Predictive Financial Analysis with Ensemble Models
** To view ouput , ppt and conference paper go to Ouputes file **
Overview: This repository contains a comprehensive Python program for predictive financial analysis, focusing on stock price forecasting using a diverse set of machine learning models. The project employs time series analysis, deep learning, and ensemble techniques to enhance the accuracy of stock price predictions.
Table of Contents:
Introduction
Data Collection
Feature Engineering
Target Variable Setup
Exploratory Data Analysis
Scaling and Preprocessing
LSTM-based Autoencoder
XGBoost Regressor
LSTM Model
Ensemble Approach
Results and Evaluation
Conclusion
Introduction: The program utilizes various machine learning models, including LSTM-based autoencoders, XGBoost regressors, and Support Vector Machines (SVM), to predict future stock price movements. The ensemble approach combines these models to achieve a more robust and accurate forecasting mechanism.
Data Collection: Historical stock price data for the company 'META' is collected using the Yahoo Finance API. The data is stored in a CSV file for further analysis.
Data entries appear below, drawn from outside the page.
lemma ER_adj_in_class_unique:
  assumes "i * i = -1" and "d \<noteq> 0"
    and L: "L \<in> PG2_points" and M: "M \<in> PG2_points" "M' \<in> PG2_points"
    and "in_class d c (to_disc i (rep L))"
      "in_class d c (to_disc i (rep M))" "in_class d c (to_disc i (rep M'))"
    and "ER_adj L M" "ER_adj L M'"
  shows "M = M'"
proof -
  have "to_disc i (rep L) \<noteq> (0, 0, 0)"
    using rep_PG2_points(1)[OF L] to_disc_eq_0_iff[OF two assms(1)] by simp
  moreover have "disc_polar (to_disc i (rep L)) (to_disc i (rep N)) = 0"
    if "N \<in> PG2_points" "ER_adj L N" for N
    using that L by (simp add: disc_polar_to_disc[OF two assms(1)] ER_adj_imp_dot3_rep)
  ultimately have "cross3 (to_disc i (rep M)) (to_disc i (rep M')) = (0, 0, 0)"
    using assms(2,6-10) M by (intro in_class_orthogonal_parallel) simp_all
  then show ?thesis
    using M by (intro PG2_points_eqI) (simp_all add: cross3_to_disc[OF two assms(1)])
qed

lemma ER_adj_uncovered:
  assumes "w \<noteq> 0" "\<sigma> w = - w" and "i * i = -1"
    and "L \<in> PG2_points" "M \<in> PG2_points"
    and "uncovered w (to_disc i (rep L))" "uncovered w (to_disc i (rep M))"
  shows "\<not> ER_adj L M"
  using disc_polar_uncovered[OF assms(1,2,6,7)] ER_adj_imp_dot3_rep[OF _ assms(4,5)]
  by (auto simp: disc_polar_to_disc[OF two assms(3)])

theorem chromatic_number_ER_le:
  "chromatic_number (PG2_points :: ('a \<times> 'a \<times> 'a) set set) ER_adj \<le> 4 * card fixed_field + 1"
proof -
  obtain w where w: "w \<noteq> 0" "\<sigma> w = - w" using exists_anti_fixed by blast
  obtain i :: 'a where i: "i * i = -1" using exists_sqrt_minus_one by blast
  define d where "d k = (if snd k then 1 else w)" for k :: "'a \<times> bool"
  define c where "c k = (if snd k then w * fst k else fst k)" for k :: "'a \<times> bool"
  define cls where "cls k L \<longleftrightarrow> in_class (d k) (c k) (to_disc i (rep L))" for k L
  let ?I = "fixed_field \<times> (UNIV :: bool set)"
  have uncovered: "uncovered w (to_disc i (rep L))" if "\<forall>k\<in>?I. \<not> cls k L" for L
    unfolding uncovered_def
  proof
    fix t assume "t \<in> fixed_field"
    then have "\<not> cls (t, True) L" and "\<not> cls (t, False) L"
      using that by simp_all
    then show "\<not> in_class 1 (w * t) (to_disc i (rep L)) \<and> \<not> in_class w t (to_disc i (rep L))"
      by (simp add: cls_def d_def c_def)
  qed
  have "chromatic_number (PG2_points :: ('a \<times> 'a \<times> 'a) set set) ER_adj \<le> 2 * card ?I + 1"
  proof (rule chromatic_number_le_matching_classes[where cls = cls])
    show "finite (PG2_points :: ('a \<times> 'a \<times> 'a) set set)"
      by (rule finite_subset[OF subset_UNIV]) simp
    show "finite ?I"
      by simp
    show "ER_adj M L" if "ER_adj L M" for L M
      using that ER_adj_commute by blast
    show "\<not> ER_adj L L" for L
      by (simp add: ER_adj_def)
  next
    fix k L M M' assume "cls k L" "cls k M" "cls k M'"
      and "L \<in> PG2_points" "M \<in> PG2_points" "M' \<in> PG2_points" "ER_adj L M" "ER_adj L M'"
    moreover have "d k \<noteq> 0" using w by (simp add: d_def)
    ultimately show "M = M'"
      by (intro ER_adj_in_class_unique[OF i]) (auto simp: cls_def)
  next
    fix L M assume "L \<in> PG2_points" "M \<in> PG2_points" "\<forall>k\<in>?I. \<not> cls k L" "\<forall>k\<in>?I. \<not> cls k M"
    then show "\<not> ER_adj L M"
      using ER_adj_uncovered[OF w i] uncovered by blast
  qed
  then show ?thesis by (simp add: card_cartesian_product)
qed

end

section \<open>The Frobenius involution\<close>

text \<open>The library's \<open>finite_field_power_card_eq_same\<close> is stated for the class \<open>finite_field\<close>, which
  a type variable of sort \<open>{field, finite}\<close> cannot be shown to belong to.\<close>
lemma field_power_card_eq_same:
  fixes x :: "'a::{field, finite}"
  shows "x ^ card (UNIV :: 'a set) = x"
proof (cases "x = 0")
  case False
  define U where "U = (UNIV :: 'a set) - {0}"
  have "(\<Prod>y\<in>U. x * y) = (\<Prod>y\<in>U. y)"
    by (rule prod.reindex_bij_witness[of _ "\<lambda>y. y / x" "\<lambda>y. x * y"]) (use False in \<open>auto simp: U_def\<close>)
  hence "x ^ card U * (\<Prod>y\<in>U. y) = (\<Prod>y\<in>U. y)"
    by (simp add: prod.distrib)
  moreover have "(\<Prod>y\<in>U. y) \<noteq> 0"
    by (simp add: U_def)
  moreover have "card (UNIV :: 'a set) = Suc (card U)"
    unfolding U_def by (simp add: card_Diff_singleton card_gt_0_iff)
  ultimately show ?thesis by simp
qed (simp add: finite_UNIV_card_ge_0 power_0_left)

lemma card_fixed_points_power_le:
  assumes "2 \<le> s"
  shows "card {x :: 'a::field. x ^ s = x} \<le> s"
proof -
  define P :: "'a poly" where "P = Polynomial.monom 1 s + [:0, -1:]"
  have "degree P = s"
    using assms unfolding P_def by (subst degree_add_eq_left) (auto simp: degree_monom_eq)
  moreover have "{x. x ^ s = x} = {x. poly P x = 0}"
    by (simp add: P_def poly_monom)
  ultimately show ?thesis
    using card_poly_roots_bound[of P] assms by fastforce
qed

lemma CHAR_eq_if_card_eq_prime_power:
  assumes "prime p" and "n \<ge> 1" and "card (UNIV :: 'a::{field, finite} set) = p ^ n"
  shows "CHAR('a) = p"
proof -
  have "prime CHAR('a)"
    by (intro prime_CHAR_semidom finite_imp_CHAR_pos) simp
  moreover have "CHAR('a) dvd p ^ n"
    using CHAR_dvd_CARD[where 'a = 'a] assms(3) by simp
  ultimately show ?thesis
    using assms(1) prime_dvd_power primes_dvd_imp_eq by blast
qed

lemma frobenius_involutive_field_automorphism:
  fixes p s :: nat
  assumes "prime p" and "odd p" and "s = p ^ r" and "r \<ge> 1"
    and card: "card (UNIV :: 'a::{field, finite} set) = s * s"
  shows "involutive_field_automorphism (\<lambda>x::'a. x ^ s)"
proof
  have "p \<ge> 3"
    using prime_ge_2_nat[OF assms(1)] assms(2) by (cases "p = 2") auto
  have "card (UNIV :: 'a set) = p ^ (2 * r)"
    using card assms(3) by (simp add: power_mult_distrib power_mult mult.commute power2_eq_square)
  hence char: "CHAR('a) = p"
    using CHAR_eq_if_card_eq_prime_power[OF assms(1), of "2 * r"] assms(4) by simp
  show "(x + y) ^ s = x ^ s + y ^ s" for x y :: 'a
    by (rule freshmans_dream') (simp_all add: char assms(1,3))
  show "(x * y) ^ s = x ^ s * y ^ s" for x y :: 'a
    by (rule power_mult_distrib)
  show "(x ^ s) ^ s = x" for x :: 'a
    using field_power_card_eq_same[of x] card by (simp flip: power_mult)
  show "(2::'a) \<noteq> 0"
  proof
    assume "(2::'a) = 0"
    hence "CHAR('a) dvd 2"
      by (metis of_nat_eq_0_iff_char_dvd of_nat_numeral)
    thus False using char \<open>p \<ge> 3\<close> by (auto dest: dvd_imp_le)
  qed
  have "3 \<le> s"
    using \<open>p \<ge> 3\<close> power_increasing[OF assms(4), of p] assms(3) by simp
  hence "s < s * s"
    using mult_strict_left_mono[of 1 s s] by simp
  hence "card {x::'a. x ^ s = x} < card (UNIV :: 'a set)"
    using card_fixed_points_power_le[of s, where 'a = 'a] card \<open>3 \<le> s\<close> by linarith
  thus "\<exists>x::'a. x ^ s \<noteq> x"
    by (metis (mono_tags) UNIV_I mem_Collect_eq subsetI subset_antisym order.irrefl)
qed

theorem mainTheorem2:
  fixes p r :: nat
  assumes "prime p" and "odd p" and "r \<ge> 1"
    and "card (UNIV :: ('a::{field, finite}) set) = p ^ (2 * r)"
  shows "real (chromatic_number (PG2_points :: ('a \<times> 'a \<times> 'a) set set) ER_adj)
           \<le> 4 * sqrt (real (card (UNIV :: 'a set))) + 1"
proof -
  define s where "s = p ^ r"
  have card: "card (UNIV :: 'a set) = s * s"
    using assms(4) by (simp add: s_def flip: power_add mult_2)
  interpret involutive_field_automorphism "\<lambda>x::'a. x ^ s"
    using frobenius_involutive_field_automorphism[OF assms(1,2) s_def assms(3) card] .
  have "2 \<le> s"
    using prime_ge_2_nat[OF assms(1)] power_increasing[OF assms(3), of p] by (simp add: s_def)
  hence "card fixed_field \<le> s"
    using card_fixed_points_power_le[where 'a = 'a] by (simp add: fixed_field_def)
  hence "chromatic_number (PG2_points :: ('a \<times> 'a \<times> 'a) set set) ER_adj \<le> 4 * s + 1"
    using chromatic_number_ER_le by linarith
  moreover have "sqrt (real (card (UNIV :: 'a set))) = real s"
    using card by (simp add: real_sqrt_mult)
  ultimately show ?thesis
    by (simp add: of_nat_mono)
qed
lemma mult_mat_with_unit_rows_index:
  fixes M :: "'a::comm_ring_1 mat"
  assumes M: "M \<in> carrier_mat n n" and v: "v \<in> carrier_vec n" and a: "a < n"
  shows "(mat_with_unit_rows C M *\<^sub>v v) $ a = (if a \<in> C then v $ a else (M *\<^sub>v v) $ a)"
proof -
  have N: "mat_with_unit_rows C M \<in> carrier_mat n n" using M by (simp add: mat_with_unit_rows_def)
  show ?thesis
  proof (cases "a \<in> C")
    case True
    have "(mat_with_unit_rows C M *\<^sub>v v) $ a = (\<Sum>b\<in>{0..<n}. if a = b then v $ b else 0)"
      unfolding mult_mat_vec_index_sum[OF N v a]
      using M a True by (intro sum.cong) (auto simp: mat_with_unit_rows_def)
    then show ?thesis using a True by simp
  next
    case False
    show ?thesis
      unfolding mult_mat_vec_index_sum[OF N v a] mult_mat_vec_index_sum[OF M v a]
      using M a False by (auto simp: mat_with_unit_rows_def intro!: sum.cong)
  qed
qed

definition subvec :: "nat set \<Rightarrow> 'a vec \<Rightarrow> 'a vec" where
  "subvec C x = vec (card C) (\<lambda>j. x $ pick C j)"

lemma subvec_carrier [simp]: "subvec C x \<in> carrier_vec (card C)"
  unfolding subvec_def by simp

lemma subvec_index_card: "finite C \<Longrightarrow> b \<in> C \<Longrightarrow> subvec C x $ card {a\<in>C. a < b} = x $ b"
  unfolding subvec_def by (simp add: card_less_in_set_less_card pick_card_in_set)

lemma subvec_add:
  "C \<subseteq> {0..<n} \<Longrightarrow> x \<in> carrier_vec n \<Longrightarrow> y \<in> carrier_vec n \<Longrightarrow>
    subvec C (x + y) = subvec C x + subvec C y"
  using pick_less by (intro eq_vecI) (auto simp: subvec_def)

lemma subvec_smult: "C \<subseteq> {0..<n} \<Longrightarrow> x \<in> carrier_vec n \<Longrightarrow> subvec C (c \<cdot>\<^sub>v x) = c \<cdot>\<^sub>v subvec C x"
  using pick_less by (intro eq_vecI) (auto simp: subvec_def)

lemma mult_subvec_principal_submatrix:
  assumes M: "M \<in> carrier_mat n n" and C: "C \<subseteq> {0..<n}" and x: "x \<in> carrier_vec n"
    and zero: "\<And>a b. a \<in> C \<Longrightarrow> b < n \<Longrightarrow> b \<notin> C \<Longrightarrow> M $$ (a,b) * x $ b = 0"
    and j: "j < card C"
  shows "(M *\<^sub>v x) $ pick C j = (submatrix M C C *\<^sub>v subvec C x) $ j"
proof -
  have pj: "pick C j \<in> C" using pick_in_set j by auto
  then have "(M *\<^sub>v x) $ pick C j = (\<Sum>b\<in>{0..<n}. M $$ (pick C j, b) * x $ b)"
    using mult_mat_vec_index_sum[OF M x] C by auto
  also have "\<dots> = (\<Sum>i\<in>{0..<card C}. M $$ (pick C j, pick C i) * x $ pick C i)"
    by (rule sum_eq_sum_pick[OF C]) (use zero pj in auto)
  also have "\<dots> = (submatrix M C C *\<^sub>v subvec C x) $ j"
    using principal_submatrix_carrier[OF M C] j
    by (subst mult_mat_vec_index_sum) (auto simp: subvec_def principal_submatrix_index[OF M C])
  finally show ?thesis .
qed

lemma deformed_laplacian_carrier:
  "B \<in> carrier_mat m m \<Longrightarrow> deformed_laplacian B l \<in> carrier_mat m m"
  unfolding deformed_laplacian_def deg2_diag_def sym_part_def by auto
Feature Engineering: Technical indicators such as Relative Strength Index (RSI) and Exponential Moving Averages (EMAs) are computed and added to the dataset for better model performance.
Target Variable Setup: The target variable is defined as the difference between the adjusted closing price and the opening price of the stock. A binary classification ('TargetClass') is also created based on the direction of this difference.
Exploratory Data Analysis: Visualizations are provided to explore the distribution and trends of the target variable, offering insights into the dataset.
Scaling and Preprocessing: Data is scaled using Min-Max scaling, and the dataset is split using TimeSeriesSplit for training and testing purposes.
LSTM-based Autoencoder: A deep learning model with LSTM layers is implemented to capture temporal patterns in the data, enhancing feature representations.
XGBoost Regressor: An XGBoost regressor is trained using the encoded representations from the autoencoder, contributing to the predictive ensemble.
LSTM Model: A standalone LSTM model is created to further exploit temporal dependencies in the dataset.
Ensemble Approach: The final predictions are generated by combining the outputs of the XGBoost regressor, SVM regressor, and the LSTM model, providing a more robust forecast.
Results and Evaluation: Evaluation metrics such as Mean Absolute Error (MAE) and Root Mean Squared Error (RMSE) are employed to assess the accuracy of individual models and the ensemble approach.
Conclusion: The program showcases a holistic approach to stock price prediction, leveraging the strengths of various machine learning techniques. The ensemble model demonstrates improved accuracy, providing a valuable tool for financial analysts and investors.
Note: The provided code and analysis are for educational and experimental purposes. The predictive accuracy may vary based on data quality, market conditions, and other factors.